I have read your blog post and it was really helpful for me. I will definitely visit your blog again for read more contents. I will also share on my social media page of any helpful post :)

Clipping Path Service said...

I really enjoyed your blog Thanks for sharing such an informative post.

Andrew said...

Clipping Expert Asia is the leading photo editing company which provides bulk photo editing and retouching service at a cheap price.

photo retouch said...

Fantastic post. We provide high-quality photo retouching service at a cheap price from Clipping Expert Asia.

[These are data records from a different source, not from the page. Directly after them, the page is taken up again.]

lemma berg3_deriv_DERIV: "t < 1 \<Longrightarrow> (berg3_deriv m has_real_derivative berg3_deriv (Suc m) t) (at t)"
proof (induction m t rule: berg3_deriv.induct)
  case (1 t)
  have "berg3_deriv 0 = (\<lambda>t. 1 / (2 * pi) * (1 + t * ln (1 - t) + (4 / 3 - ln 2) * t))"
    by (rule ext) (simp add: numeral_3_eq_3)
  then show ?case
    using 1 by (auto intro!: derivative_eq_intros simp: field_simps)
next
  case (2 t)
  have "berg3_deriv (Suc 0) = (\<lambda>t. 1 / (2 * pi) * (ln (1 - t) - t / (1 - t) + (4 / 3 - ln 2)))"
    by (rule ext) simp
  then show ?case
    using 2 by (auto intro!: derivative_eq_intros simp: field_simps power2_eq_square)
next
  case (3 m t)
  have "berg3_deriv (Suc (Suc m)) = (\<lambda>t. - (1 / (2 * pi))
      * (fact m / (1 - t) ^ Suc m + fact (Suc m) / (1 - t) ^ Suc (Suc m)))"
    by (rule ext) simp
  moreover have "((\<lambda>t. - (1 / (2 * pi))
      * (fact m / (1 - t) ^ Suc m + fact (Suc m) / (1 - t) ^ Suc (Suc m))) has_real_derivative
      - (1 / (2 * pi)) * (fact (Suc m) / (1 - t) ^ Suc (Suc m)
        + fact (Suc (Suc m)) / (1 - t) ^ Suc (Suc (Suc m)))) (at t)"
    using 3 by (intro DERIV_cmult DERIV_add DERIV_fact_div_power)
  ultimately show ?case
    by (simp only: berg3_deriv.simps(3))
qed

lemma berg_3:
  shows "smooth_left_closed (-1) 0 (berg 3)"
    and "solves_berg_ode 2 (3 / (2 * pi)) (berg 3)"
    and "(berg 3 \<longlongrightarrow> - 1 / (6 * pi)) (at_right (-1))"
proof -
  have family: "\<forall>t\<in>{-1<..<0}. berg 3 t = berg3_deriv 0 t"
    by simp
  have deriv_family: "(berg3_deriv m has_real_derivative berg3_deriv (Suc m) t) (at t)"
    if "t \<in> {-2<..<0}" for m t
    using that by (intro berg3_deriv_DERIV) simp
  note across = smooth_left_closed_across[of "-2" "-1" 0, OF _ _ family deriv_family]
  show "smooth_left_closed (-1) 0 (berg 3)"
    using across(1) by simp
  show "(berg 3 \<longlongrightarrow> - 1 / (6 * pi)) (at_right (-1))"
    using across(2) by (simp add: numeral_3_eq_3 field_simps)
  show "solves_berg_ode 2 (3 / (2 * pi)) (berg 3)"
    unfolding solves_berg_ode_def
  proof
    fix t :: real
    assume t: "t \<in> {-1<..<0}"
    note D = higher_deriv_eq_family[OF family berg3_deriv_DERIV, of t, simplified]
    define u where "u = 1 - t"
    define k where "k = 4 / 3 - ln (2::real)"
    have "u > 0" and t_eq: "t = 1 - u"
      using t by (auto simp: u_def)
    have d2: "berg3_deriv 2 t = - (1 / (2 * pi)) * (1 / u + 1 / u\<^sup>2)"
      by (simp add: numeral_2_eq_2 u_def)
    have d1: "berg3_deriv 1 t = 1 / (2 * pi) * (ln u - t / u + k)"
      by (simp add: u_def k_def)
    have d0: "berg3_deriv 0 t = 1 / (2 * pi) * (1 + t * ln u + k * t)"
      by (simp add: u_def k_def numeral_3_eq_3)
    have "(1 - t\<^sup>2) * berg3_deriv 2 t - 2 * t * berg3_deriv 1 t + 2 * berg3_deriv 0 t
        = 1 / (2 * pi) * ((1 - t\<^sup>2) * (- (1 / u + 1 / u\<^sup>2)) - 2 * t * (ln u - t / u + k)
          + 2 * (1 + t * ln u + k * t))"
      unfolding d0 d1 d2 using \<open>u > 0\<close> by (simp add: field_simps)
    also have "\<dots> = - (3 / (2 * pi)) * t"
      using \<open>u > 0\<close> unfolding t_eq by (simp add: field_simps power2_eq_square)
    finally have "(1 - t\<^sup>2) * berg3_deriv 2 t - 2 * t * berg3_deriv 1 t + 2 * berg3_deriv 0 t
        = - (3 / (2 * pi)) * t" .
    then show "(1 - t\<^sup>2) * deriv (deriv (berg 3)) t - 2 * t * deriv (berg 3) t + 2 * berg 3 t
        = - (3 / (2 * pi)) * t"
      using t D[of 1] D[of 2] by (simp add: numeral_2_eq_2)
  qed
qed

section \<open>The Berg function g_2\<close>

text \<open>Taylor coefficients about -1 of F t = (pi - arccos t) / sqrt (1 - t^2); the recursion comes
  from the equation (1 - t^2) F' = 1 + t F.\<close>
fun arccos_coeff :: "nat \<Rightarrow> real" where
  "arccos_coeff 0 = 1"
| "arccos_coeff (Suc k) = (real k + 1) / (2 * real k + 3) * arccos_coeff k"

lemma arccos_coeff_bounds: "0 \<le> arccos_coeff k \<and> arccos_coeff k \<le> 1"
proof (induction k)
  case (Suc k)
  have "(real k + 1) * arccos_coeff k \<le> (real k + 1) * 1"
    using Suc by (intro mult_left_mono) auto
  then show ?case
    using Suc by (simp add: field_simps)
qed simp

lemma summable_arccos_coeff_diffs:
  assumes "\<bar>x\<bar> < 1"
  shows "summable (\<lambda>n. (diffs^^m) arccos_coeff n * x ^ n)"
  using assms
proof (induction m arbitrary: x)
  case 0
  show ?case
  proof (rule summable_comparison_test[of _ "\<lambda>n. \<bar>x\<bar> ^ n"])
    show "\<exists>N. \<forall>n\<ge>N. norm ((diffs^^0) arccos_coeff n * x ^ n) \<le> \<bar>x\<bar> ^ n"
      using arccos_coeff_bounds by (auto simp: abs_mult power_abs intro!: mult_left_le_one_le)
    show "summable (\<lambda>n. \<bar>x\<bar> ^ n)"
      using 0 by (intro summable_geometric) simp
  qed
next
  case (Suc m)
  have "summable (\<lambda>n. diffs ((diffs^^m) arccos_coeff) n * x ^ n)"
    by (rule termdiff_converges[of x 1]) (use Suc in auto)
  then show ?case
    by simp
qed

definition arccos_ratio :: "nat \<Rightarrow> real \<Rightarrow> real" where
  "arccos_ratio m t = (\<Sum>n. (diffs^^m) arccos_coeff n * (t + 1) ^ n)"

lemma arccos_ratio_DERIV:
  assumes "\<bar>t + 1\<bar> < 1"
  shows "(arccos_ratio m has_real_derivative arccos_ratio (Suc m) t) (at t)"
proof -
  have "((\<lambda>x. \<Sum>n. (diffs^^m) arccos_coeff n * x ^ n) has_real_derivative
      (\<Sum>n. diffs ((diffs^^m) arccos_coeff) n * (t + 1) ^ n)) (at (t + 1))"
    by (rule termdiffs_strong'[of 1]) (use assms summable_arccos_coeff_diffs in auto)
  then show ?thesis
    using DERIV_shift[of "\<lambda>x. \<Sum>n. (diffs^^m) arccos_coeff n * x ^ n" _ t 1]
    by (simp add: arccos_ratio_def[abs_def])
qed

lemma sums_arccos_coeff:
  assumes "\<bar>x\<bar> < 1"
  shows "(\<lambda>n. arccos_coeff n * x ^ n) sums (\<Sum>n. arccos_coeff n * x ^ n)"
    and "(\<lambda>n. diffs arccos_coeff n * x ^ n) sums (\<Sum>n. diffs arccos_coeff n * x ^ n)"
  using summable_arccos_coeff_diffs[OF assms, of 0] summable_arccos_coeff_diffs[OF assms, of 1]
  by (simp_all add: summable_sums)

text \<open>The series of (n + 1) a_n x^(n+1) is summed in two ways; comparing them gives the
  differential equation of the power series.\<close>
lemma arccos_coeff_weighted_sums_rec:
  fixes x :: real
  defines "s \<equiv> \<Sum>n. arccos_coeff n * x ^ n" and "d \<equiv> \<Sum>n. diffs arccos_coeff n * x ^ n"
  assumes "\<bar>x\<bar> < 1"
  shows "(\<lambda>n. (real n + 1) * arccos_coeff n * x ^ Suc n) sums (2 * x * d + (s - 1))"
proof -
  have "(\<lambda>n. 2 * x * (diffs arccos_coeff n * x ^ n) + arccos_coeff (Suc n) * x ^ Suc n)
      sums (2 * x * d + (s - 1))"
    using sums_arccos_coeff[OF assms(3)] sums_Suc_iff[of "\<lambda>n. arccos_coeff n * x ^ n" "s - 1"]
    unfolding s_def d_def by (intro sums_add sums_mult) simp_all
  moreover have "2 * x * (diffs arccos_coeff n * x ^ n) + arccos_coeff (Suc n) * x ^ Suc n
      = (real n + 1) * arccos_coeff n * x ^ Suc n" for n
  proof -
    have rec: "(2 * real n + 3) * arccos_coeff (Suc n) = (real n + 1) * arccos_coeff n"
      by simp
    have "2 * x * (diffs arccos_coeff n * x ^ n) + arccos_coeff (Suc n) * x ^ Suc n
        = (2 * real n + 3) * arccos_coeff (Suc n) * x ^ Suc n"
      by (simp add: diffs_def algebra_simps del: arccos_coeff.simps)
    then show ?thesis
      unfolding rec .
  qed
  ultimately show ?thesis
    by simp
qed
(* Let $(M,d)$ be a separable metric space in which every closed bounded subset is compact. Let $(\Omega,\mathscr{F},\mathbb{P},\theta)$ be an ergodic measure-preserving dynamical system and let $\{f_\omega\}_{\omega\in\Omega}$ be a family of paracontraction maps $f_\omega\colon M\to M$ such that $(\omega,x)\mapsto f_\omega(x)$ is measurable. Let $\varphi(n,\omega,x)=f_{\theta^{n-1}(\omega)}\circ\cdots\circ f_\omega(x)$ be the induced random iteration of maps and let $$C_\varphi=\{x\in M\colon \mathbb{P}(\{\omega\in\Omega\colon f_\omega(x)=x\})=1\}.$$ Assume $C_\varphi\neq\emptyset$. Then for every $x\in M$, for $\mathbb{P}$-almost every $\omega$ the sequence $(\varphi(n,\omega,x))_{n\in\mathbb{N}}$ converges to some point of $C_\varphi$ (depending on $\omega$ and $x$).
   Context: A continuous map $f\colon M\to M$ is a paracontraction if for every fixed point $x$ of $f$ and every $y$ that is not a fixed point of $f$, $d(f(y),x)<d(y,x)$ (and hence $d(f(y),x)\le d(y,x)$ for all $y$). An ergodic measure-preserving dynamical system $(\Omega,\mathscr{F},\mathbb{P},\theta)$ consists of a probability space and a measurable map $\theta\colon\Omega\to\Omega$ preserving $\mathbb{P}$ such that every $A\in\mathscr{F}$ with $\theta^{-1}(A)\subset A$ has $\mathbb{P}(A)\in\{0,1\}$. $M$ carries its Borel $\sigma$-algebra and $\Omega\times M$ the product $\sigma$-algebra. *)

theory Defs
  imports "HOL-Probability.Probability"
begin

definition paracontraction :: "('b::metric_space \<Rightarrow> 'b) \<Rightarrow> bool" where
  "paracontraction g \<longleftrightarrow> continuous_on UNIV g \<and>
     (\<forall>x y. g x = x \<and> g y \<noteq> y \<longrightarrow> dist (g y) x < dist y x)"

definition ergodic_mpds :: "'a measure \<Rightarrow> ('a \<Rightarrow> 'a) \<Rightarrow> bool" where
  "ergodic_mpds P \<theta> \<longleftrightarrow> prob_space P \<and> \<theta> \<in> P \<rightarrow>\<^sub>M P \<and> distr P P \<theta> = P \<and>
     (\<forall>A \<in> sets P. \<theta> -` A \<inter> space P \<subseteq> A \<longrightarrow> measure P A = 0 \<or> measure P A = 1)"

primrec rand_iter :: "('a \<Rightarrow> 'b \<Rightarrow> 'b) \<Rightarrow> ('a \<Rightarrow> 'a) \<Rightarrow> nat \<Rightarrow> 'a \<Rightarrow> 'b \<Rightarrow> 'b" where
  "rand_iter f \<theta> 0 \<omega> x = x"
| "rand_iter f \<theta> (Suc n) \<omega> x = f ((\<theta> ^^ n) \<omega>) (rand_iter f \<theta> n \<omega> x)"

definition common_fixed :: "'a measure \<Rightarrow> ('a \<Rightarrow> 'b \<Rightarrow> 'b) \<Rightarrow> 'b set" where
  "common_fixed P f = {x. measure P {\<omega> \<in> space P. f \<omega> x = x} = 1}"

end

theory Submission
  imports Defs
begin

text \<open>For almost every \<open>\<omega>\<close>, every map along the orbit \<open>\<theta>\<^sup>n \<omega>\<close> fixes all of
  \<open>C\<^sub>\<phi>\<close> (a countable dense subset suffices, by continuity), so \<open>d(\<phi>(n,\<omega>,x), q)\<close> is
  nonincreasing for every \<open>q \<in> C\<^sub>\<phi>\<close> at once. In a proper space such a Fejer monotone sequence
  converges to a point of \<open>C\<^sub>\<phi>\<close> as soon as its distance to \<open>C\<^sub>\<phi>\<close> gets arbitrarily small.

  Suppose instead that with probability \<open>c > 0\<close> the trajectory stays \<open>\<eta>\<close>-far from \<open>C\<^sub>\<phi>\<close>.
  The compact set of such points within distance \<open>d(x,p)\<close> of a fixed \<open>p \<in> C\<^sub>\<phi>\<close> is covered by
  finitely many balls \<open>B(z, r\<^sub>z)\<close>, each with an event \<open>A\<^sub>z\<close> of positive probability on which the
  map lowers the distance to \<open>p\<close> by \<open>r\<^sub>z\<close> throughout \<open>B(z, 2r\<^sub>z)\<close>. By ergodicity the orbit
  enters every \<open>A\<^sub>z\<close> within a bounded time \<open>L\<close> with high probability, and unless the trajectory
  moves far in the meantime (which forces a definite drop of the distance to \<open>p\<close>, hence happens
  only boundedly often in expectation) it is then still in \<open>B(z, 2r\<^sub>z)\<close>. Counting expected
  drops up to time \<open>N\<close> gives a total decrease of order \<open>c N\<close>, while it is at most
  \<open>L d(x,p)\<close> on every path.\<close>

lemma countable_dense_subset:
  fixes S T :: "'b::metric_space set"
  assumes "countable S" "closure S = UNIV"
  obtains D where "countable D" "D \<subseteq> T" "T \<subseteq> closure D"
proof
  define I where "I = {(s, n::nat). s \<in> S \<and> (\<exists>t\<in>T. dist s t < 1 / Suc n)}"
  define pick where "pick = (\<lambda>(s, n::nat). SOME t. t \<in> T \<and> dist s t < 1 / Suc n)"
  have "countable I"
    by (rule countable_subset[of _ "S \<times> UNIV"]) (auto simp: I_def intro: assms(1))
  then show "countable (pick ` I)" by simp
  have pick: "pick (s, n) \<in> T \<and> dist s (pick (s, n)) < 1 / Suc n" if "(s, n) \<in> I" for s n
  proof -
    from that have "\<exists>t. t \<in> T \<and> dist s t < 1 / Suc n" unfolding I_def by auto
    then show ?thesis unfolding pick_def prod.case by (rule someI_ex)
  qed
  then show "pick ` I \<subseteq> T" by auto
  show "T \<subseteq> closure (pick ` I)"
  proof
    fix y assume y: "y \<in> T"
    show "y \<in> closure (pick ` I)" unfolding closure_approachable
    proof (intro allI impI)
      fix e :: real assume e: "e > 0"
      obtain n where n: "inverse (of_nat (Suc n)) < e / 2" using reals_Archimedean[of "e / 2"] e by auto
      have "y \<in> closure S" using assms(2) by simp
      then obtain s where s: "s \<in> S" "dist s y < 1 / Suc n"
        unfolding closure_approachable by (metis of_nat_0_less_iff zero_less_Suc divide_pos_pos zero_less_one)
      then have sI: "(s, n) \<in> I" unfolding I_def using y by auto
      have "dist (pick (s, n)) y \<le> dist s (pick (s, n)) + dist s y"
        by (metis dist_commute dist_triangle)
      then show "\<exists>x'\<in>pick ` I. dist x' y < e"
        using pick[OF sI] s n sI by (intro bexI[of _ "pick (s, n)"]) (auto simp: inverse_eq_divide)
    qed
  qed
qed

lemma sets_Collect_ball_dense:
  fixes h :: "'a \<Rightarrow> 'b::metric_space \<Rightarrow> real"
  assumes S: "countable S" "closure S = UNIV"
    and U: "\<And>\<omega>. \<omega> \<in> space M \<Longrightarrow> open (U \<omega>)"
    and h: "\<And>\<omega>. \<omega> \<in> space M \<Longrightarrow> continuous_on UNIV (h \<omega>)"
    and meas: "\<And>s. s \<in> S \<Longrightarrow> {\<omega>\<in>space M. s \<in> U \<omega> \<longrightarrow> h \<omega> s \<le> b} \<in> sets M"
  shows "{\<omega>\<in>space M. \<forall>y\<in>U \<omega>. h \<omega> y \<le> b} \<in> sets M"
proof -
  have "(\<forall>y\<in>U \<omega>. h \<omega> y \<le> b) \<longleftrightarrow> (\<forall>s\<in>S. s \<in> U \<omega> \<longrightarrow> h \<omega> s \<le> b)" if \<omega>: "\<omega> \<in> space M" for \<omega>
  proof
    assume dense: "\<forall>s\<in>S. s \<in> U \<omega> \<longrightarrow> h \<omega> s \<le> b"
    have "U \<omega> \<subseteq> closure (U \<omega> \<inter> S)"
      using open_Int_closure_subset[OF U[OF \<omega>], of S] S(2) by simp
    also have "\<dots> \<subseteq> {y. h \<omega> y \<le> b}"
      using dense by (intro closure_minimal closed_Collect_le continuous_on_const h[OF \<omega>]) auto
    finally show "\<forall>y\<in>U \<omega>. h \<omega> y \<le> b" by blast
  qed (use S in blast)
  then have "{\<omega>\<in>space M. \<forall>y\<in>U \<omega>. h \<omega> y \<le> b} = {\<omega>\<in>space M. \<forall>s\<in>S. s \<in> U \<omega> \<longrightarrow> h \<omega> s \<le> b}"
    by blast
  also have "\<dots> \<in> sets M"
    using meas S(1) by (intro sets.sets_Collect_countable_All') auto
  finally show ?thesis .
qed

lemma sum_antimono_decrements_le:
  fixes a :: "nat \<Rightarrow> real"
  assumes "\<And>n. a (Suc n) \<le> a n" "\<And>n. 0 \<le> a n"
  shows "(\<Sum>n<N. a (i + n) - a (Suc (i + n))) \<le> a i"
proof -
  have "(\<Sum>n<N. a (i + n) - a (Suc (i + n))) = a i - a (i + N)"
    using sum_lessThan_telescope'[of "\<lambda>n. a (i + n)" N] by simp
  then show ?thesis using assms(2)[of "i + N"] by linarith
qed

Clipping path service said...

Clipping Image is an online-based Image editing service Provider that provides that high-quality photoshop clipping path service at an affordable rate.

Techcloud said...

Wow, very nice write-up and very informative as well. Very often I used to hide my password. This is the natural tendency of human beings. Anyways I'm working on different image post-production platforms which include a variety of Photoshop processes. However, thanks for sharing such nice tips. Please keep sharing more tips like this. image post production

Unknown said...

Hey!! Amazing post. Thank you for sharing such a informative post.

Unknown said...

Amazing post, Thank you for share with us.

David Chilson said...

Absolutely unique and fine piece of information. I've never spent that much time reading before but this is really awesome.
Image Masking Services
Neck joint Services

David Carlis said...

Helpful blog here you have shared. A lot of thanks for this published. Drop Shadow Helps
Clipping Path
Photo Cut Out
Image Manipulation
Image Retouching
Clipping Path Tutorial
Background Remove
Image Editing
Neck Joint
eCommerce Photo Editing

Perfect Retouching said...

I agree with the suggestion that a fourth scenario of an unmasked password field (no checkbox, always unmasked) is not a viable or recommended option. Similarly, I disagree with Nielson's opinion that scenario 1 (password field + masking checkbox unchecked by default) is viable. In my opinion, screen sharing makes this option risky and therefore it should not be used. The most secure and recommended options are either scenario 2 (password field + masking checkbox checked by default) or scenario 3 (masked password field with no checkbox, always masked).

Perfect Retouching
Professional Product Retoucher

Color Clipping Ltd. said...
This comment has been removed by the author.
Priotoma Bangla said...

Priotoma Bangla is the foremost provider of premium sanitary fittings, sanitary ware, kitchen fittings & appliances, and architectural hardware in Bangladesh. As the official distributor of top global brands, we offer a comprehensive range of over 1800 products and end-to-end solutions, from design to installation. Our products are available nationwide through 200 stores, covering 80% of premium building material sellers in Dhaka. Additionally, we operate five state-of-the-art studios and sales centers strategically located in high-traffic areas. Our team includes 15 foreign-trained technicians who oversee each project, ensuring top-notch quality and providing complimentary after-sales services. Leveraging the latest software and ERP technology, supported by a team of 25 trained personnel, we are dedicated to fulfilling the diverse needs of our customers, clients, and partners. Trust Priotoma Bangla for all your premium sanitary and architectural requirements.